Now, the exclusionary argument tends to reduce gender to sex. According to it, the male (who has a penis) is the man and the female (who has a vagina) is the woman. As the male/female system is a superficially interpreted sexual strategy (to the extent that gender categories and roles are indeed part of the societal sexual strategies), it is fair to say that gender and sexes are the same - the ‘cultural’, or the non-sexual, is itself sexualised and included in the process of reproduction. This top-down interpretation is not wrong per se, but arbitrary and one-sided (and, as long as it pretends to be real and scientific in itself, false). In much the same way, however, it is possible to interpret ‘sex’ (a reproductive strategy, one’s involvement in societal reproduction, or even one’s sexual orientation) as relevant for one’s ‘gender’, in a bottom-up fashion.

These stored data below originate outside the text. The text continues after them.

(* Let $\mathbb{D}$ be a domain, and let $\mathbb{D}_1, \mathbb{D}_2 \subseteq \mathbb{D}$ be disjoint. For a data set $D$ write $D_1 = D \cap \mathbb{D}_1$ and $D_2 = D \cap \mathbb{D}_2$. Let $M_1$ be an $f_1$-differentially private mechanism and $M_2$ an $f_2$-differentially private mechanism, where $M_2$ takes as input an auxiliary value $y_1$ (an output of $M_1$) together with a data set, and is $f_2$-differentially private in its data argument for every value of $y_1$. Define the joint mechanism $M(D) := (y_1, M_2(y_1, D_2))$ where $y_1 := M_1(D_1)$. Then $M$ is $\mathrm{lce}\{f_1, f_2\}$-differentially private.
   Context: An attribute is a finite set; a domain is $\mathbb{D} = A_1 \times \cdots \times A_m$ for attributes $A_i$; elements of $\mathbb{D}$ are rows. A data set is an element of $\mathbb{N}^{|\mathbb{D}|}$ (a histogram/multiset of rows); for $\mathbb{D}' \subseteq \mathbb{D}$, $D \cap \mathbb{D}'$ is the data set consisting of the rows of $D$ lying in $\mathbb{D}'$. Two data sets are neighboring ($D \sim D'$) if they differ in a single row. For distributions $P,P'$ on the same space, the trade-off function is $T(P,P')(\alpha) := \inf\{\beta_\phi : \alpha_\phi \le \alpha\}$ over measurable rejection rules $0\le\phi\le 1$, with $\alpha_\phi = \mathbb{E}_P[\phi]$, $\beta_\phi = 1-\mathbb{E}_{P'}[\phi]$; a trade-off function is any function of this form. For a trade-off function $f$, a mechanism $M$ is $f$-differentially private if $T(M(D), M(D')) \ge f$ pointwise on $[0,1]$ for all neighboring $D, D'$ (where $M(D)$ denotes the output distribution). The lower convex envelope is $\mathrm{lce}\{f_1,f_2\}(x) := \sup\{f(x) : f \text{ convex}, f \le \min\{f_1,f_2\}\}$. *)

theory Defs
  imports "HOL-Probability.Probability"
begin

text \<open>Data sets over a finite domain of rows 'r: histograms 'r => nat.\<close>
type_synonym 'r dataset = "'r \<Rightarrow> nat"

definition restrict_ds :: "'r dataset \<Rightarrow> 'r set \<Rightarrow> 'r dataset" where
  "restrict_ds D S = (\<lambda>x. if x \<in> S then D x else 0)"

definition neighbors :: "'r dataset \<Rightarrow> 'r dataset \<Rightarrow> bool" where
  "neighbors D D' \<longleftrightarrow> (\<exists>x. D' = D(x := D x + 1) \<or> D = D'(x := D' x + 1))"

definition tradeoff :: "'a measure \<Rightarrow> 'a measure \<Rightarrow> real \<Rightarrow> real" where
  "tradeoff P P' \<alpha> = Inf {1 - (\<integral>x. \<phi> x \<partial>P') | \<phi>.
      \<phi> \<in> borel_measurable P \<and> (\<forall>x\<in>space P. 0 \<le> \<phi> x \<and> \<phi> x \<le> 1) \<and> (\<integral>x. \<phi> x \<partial>P) \<le> \<alpha>}"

In this way, one’s sexual traits (or those traits that are recognised as sexual by more or less broad biological categorisations) can be gendered -whatever it means for anything to be gendered. Both top-down (sexualising gender characters) and bottom-up (gendering sexual characters) interpretations are arbitrary, and they are more or less harmful or innocuous according to how narrow or broad, ossified or flexible, and oppressive or freeing the categories themselves are. However, it is not the biologist’s job to determine the absolute validity of such categories, nor of the boundary between sex and gender. The biologist has to expand or reduce the number and the scope of their categories according to the needs of their scientific practice and the richness of their data. For example, traits typically considered as part of ‘gender’ can be included in appropriate sexual categories, so long as they have an impact on reproductive strategies (especially if the scope of the biological research is extended to cultural practices and their impact on human evolution, see i.e. Jablonka, 2016, and their concept of cultural epigenetics). The biologist has to be aware of the cultural bias that might be informing their pre-received scientific categories: for example, how an uncritical acceptance of the male/female distinction might be based more on the ciswhiteheteropatriarchal tradition than on the actual needs of biology. But the criticism of such bias on one hand, and of the sex and gender categories in general, and of the validity of the distinction itself, is a matter of cultural and philosophical critique.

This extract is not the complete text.